Justin Scarpulla: Yes. I think going forward if all of those is planned the Physical Security business within this quarter will be part of a separate company under Vitaprotech. So, if you look at our press release we just put out everything we’re reporting now is under our IoT goforward business. So I’m going to — I’m not going to answer what the go-forward looks like from a physical security side. But for the identity side the IoT side yes I think that our go forward is — and you’ll see because we put out what our Q3 revenue is. It’s going down slightly from Q2. So a lot of the seasonality you saw in the past when you’re talking about a combined business that third quarter spike was within our Physical Security side due to federal year-end and most of that is going away.
So when you’re looking at it from a pure IoT perspective a lot of that seasonality that you had historically seen for Identiv as a combined company will be going away. So we did give the Q3 guide. I would factor that one in. I think that answers your question on seasonality because historically our seasonality spike has been in the Q3 quarter. Like I said, that’s related to our Physical Security business.
Stacy Che: Thank you.
Operator: We have reached the end of the question-and-answer session and I will now turn the call over to Steve Humphreys for closing remarks.

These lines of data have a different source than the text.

(* There is a universal constant $C>0$ such that the following holds. Let $(\pi,Q)$ and $(\tilde\pi,\tilde Q)$ be two reversible Markov generators (with their stationary distributions) on a finite set $\Omega$, let $\mathcal W$ be a $(Q,\tilde Q)$-flow, and suppose $\pi(\omega)\le a\,\tilde\pi(\omega)$ for all $\omega\in\Omega$, for some $a>0$. Suppose $(\Omega,\tilde\pi,\tilde Q)$ satisfies the MLSI with constant $\tilde\alpha(\tilde Q)$. Then for every $r\ge2$, the $r$-regularized MLSI constant $\alpha_r(Q)$ of $(\Omega,\pi,Q)$ (the smallest constant in the $r$-regularized MLSI) satisfies $$\alpha_r(Q)\le C\,a\,A(\mathcal W,r)\,\tilde\alpha(\tilde Q),$$ where $$A(\mathcal W,r):=\max_{(\omega,\omega'):\,\omega\ne\omega',\,Q(\omega,\omega')>0}\frac{1}{\pi(\omega)Q(\omega,\omega')}\sum_{\mathcal P\in\Gamma(Q,\tilde Q):\,(\omega,\omega')\in\mathcal P}\mathcal W(\mathcal P)\big(1+(|\mathcal P|-1)^2\log r\big),$$ $|\mathcal P|$ is the length (number of steps) of $\mathcal P$, and $(\omega,\omega')\in\mathcal P$ means that $\omega,\omega'$ are consecutive vertices of $\mathcal P$.
   Context: For a positive function $f$, ${\rm Ent}_\pi(f):=\mathbb E_\pi[f(\log f-\log\mathbb E_\pi f)]$, $\mathcal E_\pi(\log f,f):=\frac12\sum_{\omega,\omega'}\pi(\omega)Q(\omega,\omega')(f(\omega)-f(\omega'))\log\frac{f(\omega)}{f(\omega')}$ (analogously for $(\tilde\pi,\tilde Q)$). MLSI with constant $\alpha$: ${\rm Ent}_\pi(f)\le\alpha\,\mathcal E_\pi(\log f,f)$ for all $f:\Omega\to(0,\infty)$. The graph induced by $Q$ on $\Omega$ joins distinct $\omega,\omega'$ iff $Q(\omega,\omega')\ne0$, with graph distance ${\rm dist}$. A function $f>0$ is $r$-regular if $f(\omega)/f(\omega')\le r^{{\rm dist}(\omega,\omega')}$ for all $\omega,\omega'$; the $r$-regularized MLSI with constant $\alpha_r$ means ${\rm Ent}_\pi(f)\le\alpha_r\mathcal E_\pi(\log f,f)$ for all $r$-regular $f$. For $x,y$ with $\tilde Q(x,y)>0$, $\mathcal P_{x,y}$ is the set of paths $x_0=x,x_1,\dots,x_k=y$ ($k\ge1$) with $Q(x_i,x_{i+1})>0$ for all $i$; $\Gamma(Q,\tilde Q):=\bigcup_{x,y:\tilde Q(x,y)>0}\mathcal P_{x,y}$. A $(Q,\tilde Q)$-flow is a function $\mathcal W:\Gamma(Q,\tilde Q)\to[0,1]$ with $\sum_{P\in\mathcal P_{x,y}}\mathcal W(P)=\tilde\pi(x)\tilde Q(x,y)$ for all $x,y$ with $\tilde Q(x,y)>0$. *)

theory Defs
  imports "HOL-Analysis.Analysis"
begin

text \<open>State space: a finite set \<open>\<Omega>\<close> of naturals (so that the universal constant
  quantifies over all finite state spaces).  Generators are functions
  \<open>Q :: nat \<Rightarrow> nat \<Rightarrow> real\<close>, only their values on \<open>\<Omega>\<close> matter.\<close>

definition markov_generator :: "nat set \<Rightarrow> (nat \<Rightarrow> nat \<Rightarrow> real) \<Rightarrow> bool" where
  "markov_generator \<Omega> Q \<longleftrightarrow>
     (\<forall>x\<in>\<Omega>. \<forall>y\<in>\<Omega>. x \<noteq> y \<longrightarrow> Q x y \<ge> 0) \<and>
     (\<forall>x\<in>\<Omega>. (\<Sum>y\<in>\<Omega>. Q x y) = 0)"

definition reversible_gen :: "nat set \<Rightarrow> (nat \<Rightarrow> real) \<Rightarrow> (nat \<Rightarrow> nat \<Rightarrow> real) \<Rightarrow> bool" where
  "reversible_gen \<Omega> \<pi> Q \<longleftrightarrow>
     markov_generator \<Omega> Q \<and>
     (\<forall>x\<in>\<Omega>. \<pi> x > 0) \<and> (\<Sum>x\<in>\<Omega>. \<pi> x) = 1 \<and>
     (\<forall>x\<in>\<Omega>. \<forall>y\<in>\<Omega>. \<pi> x * Q x y = \<pi> y * Q y x)"
lemma set_decode_alg_h_subset_alg:
  assumes "finite Q" and "\<forall>(qs, f, q) \<in> \<delta>. q \<in> Q"
  shows "set_decode (alg_h (subset_alg Q \<delta>) t) = {q. reach \<delta> t q}"
proof (induction t)
  case (Node f ts)
  have "list_all2 (\<lambda>q S. q \<in> set_decode S) qs (map (alg_h (subset_alg Q \<delta>)) ts)
      \<longleftrightarrow> list_all2 (\<lambda>q t. reach \<delta> t q) qs ts" for qs
    using Node by (auto simp: list.rel_map list_all2_conv_all_nth)
  then have "set_decode (alg_h (subset_alg Q \<delta>) (Node f ts)) =
      {q \<in> Q. \<exists>qs. (qs, f, q) \<in> \<delta> \<and> list_all2 (\<lambda>q t. reach \<delta> t q) qs ts}"
    using assms(1) by (simp add: subset_alg_def)
  also have "\<dots> = {q. reach \<delta> (Node f ts) q}"
    using assms(2) by (auto simp: reach.simps[of _ "Node f ts"] list_all2_conv_all_nth)
  finally show ?case .
qed

lemma recognizable_imp_alg_recognizable:
  assumes "recognizable \<Sigma> rk L"
  shows "alg_recognizable \<Sigma> rk L"
proof -
  obtain Q :: "nat set" and \<delta> F where Q: "finite Q"
    and \<delta>: "\<forall>(qs, f, q) \<in> \<delta>. set qs \<subseteq> Q \<and> q \<in> Q \<and> f \<in> \<Sigma> \<and> rk f = length qs"
    and L: "L = {t \<in> trees \<Sigma> rk. \<exists>q\<in>F. reach \<delta> t q}"
    using assms unfolding recognizable_def by blast
  have "is_finite_algebra \<Sigma> rk (set_encode ` Pow Q) (subset_alg Q \<delta>)"
    using Q unfolding is_finite_algebra_def subset_alg_def by auto
  moreover have "L = {t \<in> trees \<Sigma> rk. alg_h (subset_alg Q \<delta>) t \<in> {S. set_decode S \<inter> F \<noteq> {}}}"
    using L set_decode_alg_h_subset_alg[OF Q] \<delta> by fastforce
  ultimately show ?thesis
    unfolding alg_recognizable_def by blast
qed

definition prod_alg :: "nat \<Rightarrow> (nat \<Rightarrow> 'f \<Rightarrow> nat list \<Rightarrow> nat) \<Rightarrow> 'f \<Rightarrow> nat list \<Rightarrow> nat" where
  "prod_alg n \<Theta> f qs = list_encode (map (\<lambda>i. \<Theta> i f (map (\<lambda>q. list_decode q ! i) qs)) [0..<n])"

lemma alg_h_prod_alg:
  "alg_h (prod_alg n \<Theta>) t = list_encode (map (\<lambda>i. alg_h (\<Theta> i) t) [0..<n])"
proof (induction t)
  case (Node f ts)
  have components: "map (\<lambda>q. list_decode q ! i) (map (alg_h (prod_alg n \<Theta>)) ts) = map (alg_h (\<Theta> i)) ts"
    if "i < n" for i
    using Node that by simp
  have "alg_h (prod_alg n \<Theta>) (Node f ts) =
      list_encode (map (\<lambda>i. \<Theta> i f (map (\<lambda>q. list_decode q ! i) (map (alg_h (prod_alg n \<Theta>)) ts))) [0..<n])"
    by (simp only: alg_h.simps prod_alg_def)
  also have "\<dots> = list_encode (map (\<lambda>i. alg_h (\<Theta> i) (Node f ts)) [0..<n])"
    by (intro arg_cong[where f = list_encode] map_cong refl) (metis alg_h.simps atLeastLessThan_iff components set_upt)
  finally show ?case .
qed

lemma is_finite_algebra_prod_alg:
  assumes "\<And>i. i < n \<Longrightarrow> is_finite_algebra \<Sigma> rk (Q i) (\<Theta> i)"
  shows "is_finite_algebra \<Sigma> rk (list_encode ` {v. length v = n \<and> (\<forall>i<n. v ! i \<in> Q i)})
           (prod_alg n \<Theta>)"
proof -
  have "finite (\<Union>i<n. Q i)"
    using assms by (auto simp: is_finite_algebra_def)
  moreover have "{v. length v = n \<and> (\<forall>i<n. v ! i \<in> Q i)} \<subseteq> {v. set v \<subseteq> (\<Union>i<n. Q i) \<and> length v = n}"
    by (force simp: in_set_conv_nth)
  ultimately have "finite {v. length v = n \<and> (\<forall>i<n. v ! i \<in> Q i)}"
    using finite_lists_length_eq finite_subset by blast
  moreover have "\<Theta> i f (map (\<lambda>q. list_decode q ! i) qs) \<in> Q i"
    if "f \<in> \<Sigma>" and "qs \<in> strings (list_encode ` {v. length v = n \<and> (\<forall>i<n. v ! i \<in> Q i)}) (rk f)"
      and "i < n" for f qs i
  proof -
    from that(2,3) have "map (\<lambda>q. list_decode q ! i) qs \<in> strings (Q i) (rk f)"
      by (auto simp: strings_def)
    with assms[OF that(3)] that(1) show ?thesis
      by (auto simp: is_finite_algebra_def)
  qed
  ultimately show ?thesis
    unfolding is_finite_algebra_def by (auto simp: prod_alg_def)
qed

lemma recognizable_family_common_algebra:
  fixes n :: nat
  assumes "\<forall>i<n. recognizable \<Sigma> rk (L i)"
  shows "\<exists>Q \<theta> F. is_finite_algebra \<Sigma> rk Q \<theta> \<and> (\<forall>i<n. L i = {t \<in> trees \<Sigma> rk. alg_h \<theta> t \<in> F i})"
proof -
  have "\<forall>i<n. \<exists>Q \<theta> F. is_finite_algebra \<Sigma> rk Q \<theta> \<and> L i = {t \<in> trees \<Sigma> rk. alg_h \<theta> t \<in> F}"
    using assms recognizable_imp_alg_recognizable unfolding alg_recognizable_def by blast
  then obtain Q \<Theta> F where "\<forall>i<n. is_finite_algebra \<Sigma> rk (Q i) (\<Theta> i) \<and>
      L i = {t \<in> trees \<Sigma> rk. alg_h (\<Theta> i) t \<in> F i}"
    by (auto simp only: choice_iff')
  then have alg: "\<And>i. i < n \<Longrightarrow> is_finite_algebra \<Sigma> rk (Q i) (\<Theta> i)"
    and L: "\<And>i. i < n \<Longrightarrow> L i = {t \<in> trees \<Sigma> rk. alg_h (\<Theta> i) t \<in> F i}"
    by auto
  have "L i = {t \<in> trees \<Sigma> rk. alg_h (prod_alg n \<Theta>) t \<in> {x. list_decode x ! i \<in> F i}}" if "i < n" for i
    using L[OF that] that by (simp add: alg_h_prod_alg)
  with is_finite_algebra_prod_alg[OF alg] show ?thesis
    by (intro exI[of _ "list_encode ` {v. length v = n \<and> (\<forall>i<n. v ! i \<in> Q i)}"]
        exI[of _ "prod_alg n \<Theta>"] exI[of _ "\<lambda>i. {x. list_decode x ! i \<in> F i}"]) simp
qed
(* Let $\mathcal{X}$ be a hereditary class with speed above the Bell number and finite distinguishing number $k_{\mathcal{X}}$, and let $\ell_{\mathcal{X}},d_{\mathcal{X}},c_{\mathcal{X}}$ be constants such that every $G\in\mathcal{X}$ contains an induced subgraph $G'$ which is a strong $(\ell_{\mathcal{X}},d_{\mathcal{X}})$-graph with $|V(G)\setminus V(G')|<c_{\mathcal{X}}$. Then for each positive integer $m$, the class $\mathcal{X}$ contains a graph isomorphic to $G_{w,H}(1,2,\dots,m)$ for some graph $H$ with loops allowed having at most $\ell_{\mathcal{X}}$ vertices and some word $w$ of length $m$ over $V(H)$ (an $\ell_{\mathcal{X}}$-factor of order $m$).
   Context: Hereditary classes are closed under isomorphism and induced subgraphs. Speed above the Bell number: number of graphs in $\mathcal{X}$ on $\{1,\dots,n\}$ is at least $n^{(1-o(1))n}$. Distinguishing number: for $X\subseteq V(G)$, disjoint sets $U_1,\dots,U_m$ are distinguished by $X$ if vertices of the same $U_i$ have the same neighbourhood in $X$ and vertices of different $U_i$ different ones; $k_{\mathcal{X}}<\infty$ means there are $k,m$ such that no vertex subset of any graph in $\mathcal{X}$ distinguishes more than $m$ sets of size at least $k$ (such constants $\ell_{\mathcal{X}},d_{\mathcal{X}},c_{\mathcal{X}}$ then exist). $(\ell,d)$-partition of $V(G)$: at most $\ell$ bags such that for every (not necessarily distinct) pair of bags $(V_i,V_j)$, either every vertex of $V_i$ has at most $d$ neighbours in $V_j$ and vice versa, or every vertex of $V_i$ has at most $d$ non-neighbours in $V_j\setminus\{\text{itself}\}$ and vice versa; strong if each bag has at least $5\cdot2^\ell d$ vertices; a strong $(\ell,d)$-graph admits a strong $(\ell,d)$-partition. For a graph $H$ with loops allowed on $A$, a word $w$ over $A$ and positive integers $u_1<\dots<u_k\le|w|$, $G_{w,H}(u_1,\dots,u_k)$ has vertex set $\{u_i\}$ and $u_iu_j$ is an edge iff ($|u_i-u_j|=1$ and $w_{u_i}w_{u_j}\notin E(H)$) or ($|u_i-u_j|>1$ and $w_{u_i}w_{u_j}\in E(H)$) (loops for equal letters). *)

theory Defs
  imports Complex_Main
begin

text \<open>Finite simple graphs with natural-number vertices: a pair (V, E) where E is a
  symmetric irreflexive set of ordered pairs of vertices of V.\<close>

type_synonym ugraph = "nat set \<times> (nat \<times> nat) set"

definition verts :: "ugraph \<Rightarrow> nat set" where "verts G = fst G"
definition edges :: "ugraph \<Rightarrow> (nat \<times> nat) set" where "edges G = snd G"

definition is_graph :: "ugraph \<Rightarrow> bool" where
  "is_graph G \<longleftrightarrow> finite (verts G) \<and> edges G \<subseteq> verts G \<times> verts G
     \<and> (\<forall>u v. (u, v) \<in> edges G \<longrightarrow> (v, u) \<in> edges G)
     \<and> (\<forall>v. (v, v) \<notin> edges G)"

definition induced :: "ugraph \<Rightarrow> nat set \<Rightarrow> ugraph" where
  "induced G S = (S, edges G \<inter> (S \<times> S))"

definition nbhd :: "ugraph \<Rightarrow> nat \<Rightarrow> nat set" where
  "nbhd G v = {u. (v, u) \<in> edges G}"

definition graph_iso :: "ugraph \<Rightarrow> ugraph \<Rightarrow> bool" where
  "graph_iso G G' \<longleftrightarrow> (\<exists>f. bij_betw f (verts G) (verts G') \<and>
     (\<forall>u\<in>verts G. \<forall>v\<in>verts G. (u, v) \<in> edges G \<longleftrightarrow> (f u, f v) \<in> edges G'))"

definition hereditary :: "ugraph set \<Rightarrow> bool" where
  "hereditary \<X> \<longleftrightarrow> (\<forall>G\<in>\<X>. is_graph G)
     \<and> (\<forall>G G'. G \<in> \<X> \<longrightarrow> is_graph G' \<longrightarrow> graph_iso G G' \<longrightarrow> G' \<in> \<X>)
     \<and> (\<forall>G S. G \<in> \<X> \<longrightarrow> S \<subseteq> verts G \<longrightarrow> induced G S \<in> \<X>)"

definition speed :: "ugraph set \<Rightarrow> nat \<Rightarrow> nat" where
  "speed \<X> n = card {E. ({1..n}, E) \<in> \<X>}"

definition speed_above_bell :: "ugraph set \<Rightarrow> bool" where
  "speed_above_bell \<X> \<longleftrightarrow> (\<forall>\<epsilon>>0. eventually
     (\<lambda>n. real (speed \<X> n) \<ge> real n powr ((1 - \<epsilon>) * real n)) sequentially)"

definition distinguishes :: "ugraph \<Rightarrow> nat set \<Rightarrow> nat set set \<Rightarrow> bool" where
  "distinguishes G X \<U> \<longleftrightarrow>
     (\<forall>U\<in>\<U>. U \<subseteq> verts G - X) \<and>
     (\<forall>U\<in>\<U>. \<forall>U'\<in>\<U>. U \<noteq> U' \<longrightarrow> U \<inter> U' = {}) \<and>
     (\<forall>U\<in>\<U>. \<forall>u\<in>U. \<forall>v\<in>U. nbhd G u \<inter> X = nbhd G v \<inter> X) \<and>
     (\<forall>U\<in>\<U>. \<forall>U'\<in>\<U>. U \<noteq> U' \<longrightarrow> (\<forall>u\<in>U. \<forall>v\<in>U'. nbhd G u \<inter> X \<noteq> nbhd G v \<inter> X))"

definition finite_distinguishing_number :: "ugraph set \<Rightarrow> bool" where
  "finite_distinguishing_number \<X> \<longleftrightarrow> (\<exists>k m::nat. \<forall>G\<in>\<X>. \<forall>X \<subseteq> verts G. \<forall>\<U>.
     distinguishes G X \<U> \<and> (\<forall>U\<in>\<U>. card U \<ge> k) \<longrightarrow> finite \<U> \<and> card \<U> \<le> m)"

definition ld_partition :: "ugraph \<Rightarrow> nat \<Rightarrow> nat \<Rightarrow> nat set set \<Rightarrow> bool" where
  "ld_partition G l d P \<longleftrightarrow>
     \<Union>P = verts G \<and> {} \<notin> P \<and> (\<forall>A\<in>P. \<forall>B\<in>P. A \<noteq> B \<longrightarrow> A \<inter> B = {}) \<and>
     finite P \<and> card P \<le> l \<and>
     (\<forall>A\<in>P. \<forall>B\<in>P.
        ((\<forall>v\<in>A. card (nbhd G v \<inter> B) \<le> d) \<and> (\<forall>v\<in>B. card (nbhd G v \<inter> A) \<le> d)) \<or>
        ((\<forall>v\<in>A. card (B - nbhd G v - {v}) \<le> d) \<and> (\<forall>v\<in>B. card (A - nbhd G v - {v}) \<le> d)))"

definition strong_ld_partition :: "ugraph \<Rightarrow> nat \<Rightarrow> nat \<Rightarrow> nat set set \<Rightarrow> bool" where
  "strong_ld_partition G l d P \<longleftrightarrow> ld_partition G l d P \<and>
     (\<forall>A\<in>P. card A \<ge> 5 * 2 ^ l * d)"

definition strong_ld_graph :: "ugraph \<Rightarrow> nat \<Rightarrow> nat \<Rightarrow> bool" where
  "strong_ld_graph G l d \<longleftrightarrow> (\<exists>P. strong_ld_partition G l d P)"

text \<open>G_{w,H}(1,...,m) with m = length w: H has vertex set A (letters) and a symmetric
  edge relation EH on A, loops allowed; w is a word over A (positions 1-based).\<close>
definition factor_graph :: "(nat \<times> nat) set \<Rightarrow> nat list \<Rightarrow> ugraph" where
  "factor_graph EH w = ({1..length w},
     {(i, j). i \<in> {1..length w} \<and> j \<in> {1..length w} \<and> i \<noteq> j \<and>
        ((nat \<bar>int i - int j\<bar> = 1 \<and> (w ! (i - 1), w ! (j - 1)) \<notin> EH) \<or>
         (nat \<bar>int i - int j\<bar> > 1 \<and> (w ! (i - 1), w ! (j - 1)) \<in> EH))})"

Steven Humphreys: Okay. Thanks operator and thank you all for joining us this evening. We’ll certainly continue to update you all on the business progress and especially with the KPIs as Kirsten’s described and of course on our progress and time line for closure of the transaction. If you have any questions please reach out to our Investor Relations at ir@identiv.com. So thank you all again for joining us and have a very good evening.
Operator: This concludes today’s conference and you may disconnect your lines at this time. Thank you for your participation.